What you need to do - Nothing but the lines from the one containing "(prime_factorization (n *" through the one containing "1) \<notin> L", both included, should be given again, each exactly as written below.

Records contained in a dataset
────

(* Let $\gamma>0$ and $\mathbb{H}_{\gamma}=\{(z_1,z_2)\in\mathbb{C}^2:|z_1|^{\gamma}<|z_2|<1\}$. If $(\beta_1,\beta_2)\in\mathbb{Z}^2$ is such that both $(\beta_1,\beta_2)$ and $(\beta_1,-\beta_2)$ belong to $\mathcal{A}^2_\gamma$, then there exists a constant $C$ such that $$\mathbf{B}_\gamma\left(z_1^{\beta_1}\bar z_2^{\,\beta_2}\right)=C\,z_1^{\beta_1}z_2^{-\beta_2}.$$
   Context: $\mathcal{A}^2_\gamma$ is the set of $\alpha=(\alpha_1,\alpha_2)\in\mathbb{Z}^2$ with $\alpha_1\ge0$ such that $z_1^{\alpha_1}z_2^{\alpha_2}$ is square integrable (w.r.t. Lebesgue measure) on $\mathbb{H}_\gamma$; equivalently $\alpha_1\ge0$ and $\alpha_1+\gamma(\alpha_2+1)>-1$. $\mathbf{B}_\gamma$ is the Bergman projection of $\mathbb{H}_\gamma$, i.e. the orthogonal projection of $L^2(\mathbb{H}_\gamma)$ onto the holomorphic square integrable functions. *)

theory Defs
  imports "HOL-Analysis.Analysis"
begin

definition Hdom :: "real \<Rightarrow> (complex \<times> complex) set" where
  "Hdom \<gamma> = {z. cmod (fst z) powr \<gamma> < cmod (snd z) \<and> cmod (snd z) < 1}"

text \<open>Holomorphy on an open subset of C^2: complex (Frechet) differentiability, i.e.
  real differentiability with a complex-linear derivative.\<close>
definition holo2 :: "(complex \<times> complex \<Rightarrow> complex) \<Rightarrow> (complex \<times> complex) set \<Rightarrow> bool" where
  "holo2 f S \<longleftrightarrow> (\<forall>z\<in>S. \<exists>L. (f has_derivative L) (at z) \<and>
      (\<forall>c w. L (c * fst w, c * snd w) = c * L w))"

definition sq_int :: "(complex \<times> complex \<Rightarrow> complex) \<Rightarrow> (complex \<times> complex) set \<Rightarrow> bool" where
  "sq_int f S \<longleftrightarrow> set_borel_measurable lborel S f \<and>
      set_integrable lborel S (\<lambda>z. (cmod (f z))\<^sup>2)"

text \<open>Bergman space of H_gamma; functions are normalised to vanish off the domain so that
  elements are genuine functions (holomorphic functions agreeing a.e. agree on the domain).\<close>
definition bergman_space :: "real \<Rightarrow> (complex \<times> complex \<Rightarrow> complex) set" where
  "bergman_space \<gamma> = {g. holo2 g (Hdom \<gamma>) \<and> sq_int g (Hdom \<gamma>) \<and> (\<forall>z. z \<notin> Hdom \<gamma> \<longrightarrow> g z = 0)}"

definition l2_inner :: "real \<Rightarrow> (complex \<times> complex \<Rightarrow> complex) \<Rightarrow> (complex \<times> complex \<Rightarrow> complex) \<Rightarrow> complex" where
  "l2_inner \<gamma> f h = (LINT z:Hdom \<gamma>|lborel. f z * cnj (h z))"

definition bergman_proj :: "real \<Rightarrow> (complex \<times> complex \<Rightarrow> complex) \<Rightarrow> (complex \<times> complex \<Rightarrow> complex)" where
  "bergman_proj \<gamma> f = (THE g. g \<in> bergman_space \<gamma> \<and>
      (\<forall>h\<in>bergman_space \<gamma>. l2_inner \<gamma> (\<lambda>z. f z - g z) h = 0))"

────

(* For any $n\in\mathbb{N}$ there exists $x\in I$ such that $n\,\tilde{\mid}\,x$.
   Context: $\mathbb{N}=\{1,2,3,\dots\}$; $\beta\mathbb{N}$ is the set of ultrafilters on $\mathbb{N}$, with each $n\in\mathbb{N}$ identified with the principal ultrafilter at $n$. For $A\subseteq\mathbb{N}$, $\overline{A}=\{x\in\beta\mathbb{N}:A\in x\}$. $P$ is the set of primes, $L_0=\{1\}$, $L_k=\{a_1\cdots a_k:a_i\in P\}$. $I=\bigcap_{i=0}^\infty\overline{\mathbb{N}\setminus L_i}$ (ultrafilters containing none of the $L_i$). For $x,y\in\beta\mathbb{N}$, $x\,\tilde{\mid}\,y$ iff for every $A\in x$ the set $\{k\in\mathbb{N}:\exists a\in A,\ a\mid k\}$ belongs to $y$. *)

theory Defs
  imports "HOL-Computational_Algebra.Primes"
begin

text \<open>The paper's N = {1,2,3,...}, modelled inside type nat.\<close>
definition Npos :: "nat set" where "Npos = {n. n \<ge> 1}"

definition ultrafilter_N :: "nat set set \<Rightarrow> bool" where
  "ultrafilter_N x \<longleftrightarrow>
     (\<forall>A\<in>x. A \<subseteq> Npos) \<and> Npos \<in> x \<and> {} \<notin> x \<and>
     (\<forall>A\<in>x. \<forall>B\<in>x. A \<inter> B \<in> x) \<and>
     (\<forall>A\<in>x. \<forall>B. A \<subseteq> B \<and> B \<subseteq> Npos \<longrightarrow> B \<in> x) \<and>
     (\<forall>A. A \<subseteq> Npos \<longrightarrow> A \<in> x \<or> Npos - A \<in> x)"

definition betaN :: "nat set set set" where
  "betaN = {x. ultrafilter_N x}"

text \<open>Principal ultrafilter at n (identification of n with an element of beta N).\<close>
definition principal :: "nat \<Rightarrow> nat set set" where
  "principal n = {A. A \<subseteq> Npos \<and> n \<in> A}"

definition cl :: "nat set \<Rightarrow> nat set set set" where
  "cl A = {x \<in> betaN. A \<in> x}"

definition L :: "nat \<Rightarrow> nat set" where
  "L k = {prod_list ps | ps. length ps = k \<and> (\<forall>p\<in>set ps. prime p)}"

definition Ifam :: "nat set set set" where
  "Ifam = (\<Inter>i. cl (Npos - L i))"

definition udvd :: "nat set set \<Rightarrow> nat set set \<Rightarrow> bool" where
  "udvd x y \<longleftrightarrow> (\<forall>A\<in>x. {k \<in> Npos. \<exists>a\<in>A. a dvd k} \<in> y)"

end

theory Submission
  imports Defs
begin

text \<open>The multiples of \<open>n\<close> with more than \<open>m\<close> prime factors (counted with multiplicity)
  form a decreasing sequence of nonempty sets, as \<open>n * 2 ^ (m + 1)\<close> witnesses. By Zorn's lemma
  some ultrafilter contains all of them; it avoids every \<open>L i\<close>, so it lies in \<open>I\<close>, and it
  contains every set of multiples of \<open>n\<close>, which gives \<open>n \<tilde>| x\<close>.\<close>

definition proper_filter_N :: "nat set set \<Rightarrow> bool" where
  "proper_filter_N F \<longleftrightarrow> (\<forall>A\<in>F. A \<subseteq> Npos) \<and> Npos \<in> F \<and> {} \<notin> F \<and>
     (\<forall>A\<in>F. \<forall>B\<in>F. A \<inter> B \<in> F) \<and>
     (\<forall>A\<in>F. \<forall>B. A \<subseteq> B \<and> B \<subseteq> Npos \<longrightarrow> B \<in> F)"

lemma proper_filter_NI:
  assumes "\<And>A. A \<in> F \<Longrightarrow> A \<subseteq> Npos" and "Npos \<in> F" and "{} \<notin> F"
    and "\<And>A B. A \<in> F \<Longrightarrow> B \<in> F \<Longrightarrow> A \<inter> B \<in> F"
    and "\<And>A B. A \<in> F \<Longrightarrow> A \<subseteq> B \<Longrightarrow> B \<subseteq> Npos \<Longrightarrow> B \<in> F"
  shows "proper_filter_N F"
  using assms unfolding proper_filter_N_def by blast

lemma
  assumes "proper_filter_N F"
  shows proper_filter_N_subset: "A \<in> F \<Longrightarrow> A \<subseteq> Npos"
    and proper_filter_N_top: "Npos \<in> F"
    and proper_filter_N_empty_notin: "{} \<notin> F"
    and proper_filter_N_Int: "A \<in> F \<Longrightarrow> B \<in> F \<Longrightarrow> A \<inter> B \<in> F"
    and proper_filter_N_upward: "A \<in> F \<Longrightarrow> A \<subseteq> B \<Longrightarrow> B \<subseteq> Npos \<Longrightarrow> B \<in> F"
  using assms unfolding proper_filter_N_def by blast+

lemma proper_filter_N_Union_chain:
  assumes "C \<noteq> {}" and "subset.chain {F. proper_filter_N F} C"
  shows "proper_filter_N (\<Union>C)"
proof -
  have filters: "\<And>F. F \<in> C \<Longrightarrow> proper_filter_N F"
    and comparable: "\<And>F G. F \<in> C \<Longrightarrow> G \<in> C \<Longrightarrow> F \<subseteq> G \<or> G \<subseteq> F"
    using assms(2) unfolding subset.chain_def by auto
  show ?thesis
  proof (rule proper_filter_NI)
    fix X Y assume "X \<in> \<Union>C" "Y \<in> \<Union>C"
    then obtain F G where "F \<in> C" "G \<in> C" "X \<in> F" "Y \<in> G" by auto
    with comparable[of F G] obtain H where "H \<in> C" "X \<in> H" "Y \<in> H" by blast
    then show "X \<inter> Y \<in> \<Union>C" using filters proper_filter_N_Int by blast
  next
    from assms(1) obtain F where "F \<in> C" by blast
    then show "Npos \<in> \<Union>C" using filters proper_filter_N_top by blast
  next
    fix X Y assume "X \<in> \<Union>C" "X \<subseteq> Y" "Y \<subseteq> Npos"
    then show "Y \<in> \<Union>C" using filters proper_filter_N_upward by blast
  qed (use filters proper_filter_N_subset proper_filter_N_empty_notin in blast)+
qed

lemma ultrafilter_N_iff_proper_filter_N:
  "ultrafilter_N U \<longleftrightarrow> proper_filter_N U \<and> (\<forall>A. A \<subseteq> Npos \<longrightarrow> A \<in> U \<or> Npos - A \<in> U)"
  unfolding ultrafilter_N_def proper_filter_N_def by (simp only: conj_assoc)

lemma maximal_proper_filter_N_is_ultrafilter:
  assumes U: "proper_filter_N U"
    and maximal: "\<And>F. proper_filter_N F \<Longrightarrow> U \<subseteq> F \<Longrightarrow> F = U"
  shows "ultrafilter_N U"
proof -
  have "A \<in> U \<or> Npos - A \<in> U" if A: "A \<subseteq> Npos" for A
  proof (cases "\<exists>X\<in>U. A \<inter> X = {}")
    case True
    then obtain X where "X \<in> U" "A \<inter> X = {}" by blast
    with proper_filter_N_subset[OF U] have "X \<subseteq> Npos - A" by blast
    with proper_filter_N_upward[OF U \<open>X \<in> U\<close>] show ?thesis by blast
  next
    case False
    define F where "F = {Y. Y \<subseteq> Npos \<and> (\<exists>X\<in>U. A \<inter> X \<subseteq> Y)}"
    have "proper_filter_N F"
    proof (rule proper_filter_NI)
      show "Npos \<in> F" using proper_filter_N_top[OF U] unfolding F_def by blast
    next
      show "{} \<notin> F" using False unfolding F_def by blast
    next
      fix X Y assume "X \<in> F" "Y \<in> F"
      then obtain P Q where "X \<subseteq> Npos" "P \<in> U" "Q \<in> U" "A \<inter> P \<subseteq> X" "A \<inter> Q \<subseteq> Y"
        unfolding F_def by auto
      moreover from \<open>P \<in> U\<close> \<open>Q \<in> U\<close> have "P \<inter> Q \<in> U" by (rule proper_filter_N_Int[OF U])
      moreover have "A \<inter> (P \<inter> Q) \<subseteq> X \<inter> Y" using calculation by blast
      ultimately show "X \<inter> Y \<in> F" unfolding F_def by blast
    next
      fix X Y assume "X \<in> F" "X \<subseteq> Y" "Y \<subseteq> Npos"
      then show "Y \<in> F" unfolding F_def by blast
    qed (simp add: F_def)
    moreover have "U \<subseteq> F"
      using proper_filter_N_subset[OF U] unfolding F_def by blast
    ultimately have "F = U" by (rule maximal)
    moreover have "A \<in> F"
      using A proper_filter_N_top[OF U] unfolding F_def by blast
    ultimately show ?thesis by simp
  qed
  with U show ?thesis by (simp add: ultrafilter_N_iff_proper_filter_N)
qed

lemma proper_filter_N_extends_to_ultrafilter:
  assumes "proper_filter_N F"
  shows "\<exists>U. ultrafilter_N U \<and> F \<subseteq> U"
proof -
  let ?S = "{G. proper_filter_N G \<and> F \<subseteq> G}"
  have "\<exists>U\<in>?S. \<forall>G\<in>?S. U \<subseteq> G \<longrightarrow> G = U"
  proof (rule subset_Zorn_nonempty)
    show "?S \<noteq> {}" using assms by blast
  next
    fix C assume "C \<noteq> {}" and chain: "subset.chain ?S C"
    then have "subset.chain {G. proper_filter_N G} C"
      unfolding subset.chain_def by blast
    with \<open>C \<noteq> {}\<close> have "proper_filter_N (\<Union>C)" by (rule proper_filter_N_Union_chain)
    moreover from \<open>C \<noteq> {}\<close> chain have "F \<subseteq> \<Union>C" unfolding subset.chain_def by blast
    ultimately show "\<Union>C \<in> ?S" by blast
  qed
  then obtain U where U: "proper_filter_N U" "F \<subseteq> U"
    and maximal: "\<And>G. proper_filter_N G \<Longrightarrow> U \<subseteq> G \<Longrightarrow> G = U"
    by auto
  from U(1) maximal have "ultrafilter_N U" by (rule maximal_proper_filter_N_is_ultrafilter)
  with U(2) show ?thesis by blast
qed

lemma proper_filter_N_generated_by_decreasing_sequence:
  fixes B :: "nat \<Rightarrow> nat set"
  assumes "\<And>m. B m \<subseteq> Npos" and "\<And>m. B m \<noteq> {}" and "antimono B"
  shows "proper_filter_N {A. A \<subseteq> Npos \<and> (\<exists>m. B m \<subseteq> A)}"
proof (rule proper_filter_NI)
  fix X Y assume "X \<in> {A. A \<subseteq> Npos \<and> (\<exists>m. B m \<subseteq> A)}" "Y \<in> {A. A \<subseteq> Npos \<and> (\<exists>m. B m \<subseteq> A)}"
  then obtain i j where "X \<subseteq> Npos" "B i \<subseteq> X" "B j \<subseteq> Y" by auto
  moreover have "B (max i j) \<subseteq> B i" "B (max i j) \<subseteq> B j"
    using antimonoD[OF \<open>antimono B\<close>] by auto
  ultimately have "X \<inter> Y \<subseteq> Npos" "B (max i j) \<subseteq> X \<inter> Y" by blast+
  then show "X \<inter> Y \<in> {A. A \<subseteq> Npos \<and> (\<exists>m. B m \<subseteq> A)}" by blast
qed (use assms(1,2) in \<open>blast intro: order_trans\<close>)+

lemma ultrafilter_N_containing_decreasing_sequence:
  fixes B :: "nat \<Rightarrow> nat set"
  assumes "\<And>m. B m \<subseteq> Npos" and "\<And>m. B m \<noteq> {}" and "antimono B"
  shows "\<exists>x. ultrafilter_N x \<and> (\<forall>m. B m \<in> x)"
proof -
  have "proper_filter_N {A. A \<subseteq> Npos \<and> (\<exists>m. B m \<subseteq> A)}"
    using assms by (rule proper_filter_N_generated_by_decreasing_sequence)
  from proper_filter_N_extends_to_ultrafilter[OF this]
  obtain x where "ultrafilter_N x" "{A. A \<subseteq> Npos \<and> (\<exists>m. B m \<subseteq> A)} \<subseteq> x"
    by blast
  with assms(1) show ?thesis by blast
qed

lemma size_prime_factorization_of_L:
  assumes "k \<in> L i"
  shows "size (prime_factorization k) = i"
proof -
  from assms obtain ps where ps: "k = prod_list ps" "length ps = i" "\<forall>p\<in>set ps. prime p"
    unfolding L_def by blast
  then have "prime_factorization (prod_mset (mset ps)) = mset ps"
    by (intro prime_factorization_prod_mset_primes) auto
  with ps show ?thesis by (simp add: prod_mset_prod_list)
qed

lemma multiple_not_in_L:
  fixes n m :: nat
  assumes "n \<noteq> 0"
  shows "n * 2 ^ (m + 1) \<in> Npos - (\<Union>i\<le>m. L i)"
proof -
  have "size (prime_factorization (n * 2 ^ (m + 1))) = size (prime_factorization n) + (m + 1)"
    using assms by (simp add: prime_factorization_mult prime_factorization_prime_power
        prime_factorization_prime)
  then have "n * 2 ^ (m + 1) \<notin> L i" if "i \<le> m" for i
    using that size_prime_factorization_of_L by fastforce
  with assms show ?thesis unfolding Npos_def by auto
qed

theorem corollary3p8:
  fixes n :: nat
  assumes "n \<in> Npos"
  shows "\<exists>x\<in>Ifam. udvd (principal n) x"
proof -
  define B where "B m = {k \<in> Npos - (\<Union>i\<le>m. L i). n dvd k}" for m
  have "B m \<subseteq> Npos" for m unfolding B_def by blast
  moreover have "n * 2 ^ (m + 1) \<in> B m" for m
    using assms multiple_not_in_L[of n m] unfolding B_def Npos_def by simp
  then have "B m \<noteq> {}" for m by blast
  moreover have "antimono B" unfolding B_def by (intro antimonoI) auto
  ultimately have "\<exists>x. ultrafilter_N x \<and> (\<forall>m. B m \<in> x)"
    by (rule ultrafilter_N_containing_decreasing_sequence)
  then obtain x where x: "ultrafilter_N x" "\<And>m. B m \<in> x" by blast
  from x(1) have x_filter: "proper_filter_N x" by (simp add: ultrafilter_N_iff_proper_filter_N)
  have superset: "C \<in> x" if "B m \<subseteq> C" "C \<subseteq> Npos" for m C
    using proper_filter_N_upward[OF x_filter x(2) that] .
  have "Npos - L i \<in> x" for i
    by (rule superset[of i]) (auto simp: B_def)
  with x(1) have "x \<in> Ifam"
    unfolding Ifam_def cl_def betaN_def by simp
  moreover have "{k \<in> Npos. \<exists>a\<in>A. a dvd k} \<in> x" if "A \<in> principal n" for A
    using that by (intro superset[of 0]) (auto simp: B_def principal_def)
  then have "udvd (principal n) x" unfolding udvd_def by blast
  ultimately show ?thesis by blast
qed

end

────

Solution -
  have "size (prime_factorization (n * 2 ^ (m + 1))) = size (prime_factorization n) + (m + 1)"
    using assms by (simp add: prime_factorization_mult prime_factorization_prime_power
        prime_factorization_prime)
  then have "n * 2 ^ (m + 1) \<notin> L i" if "i \<le> m" for i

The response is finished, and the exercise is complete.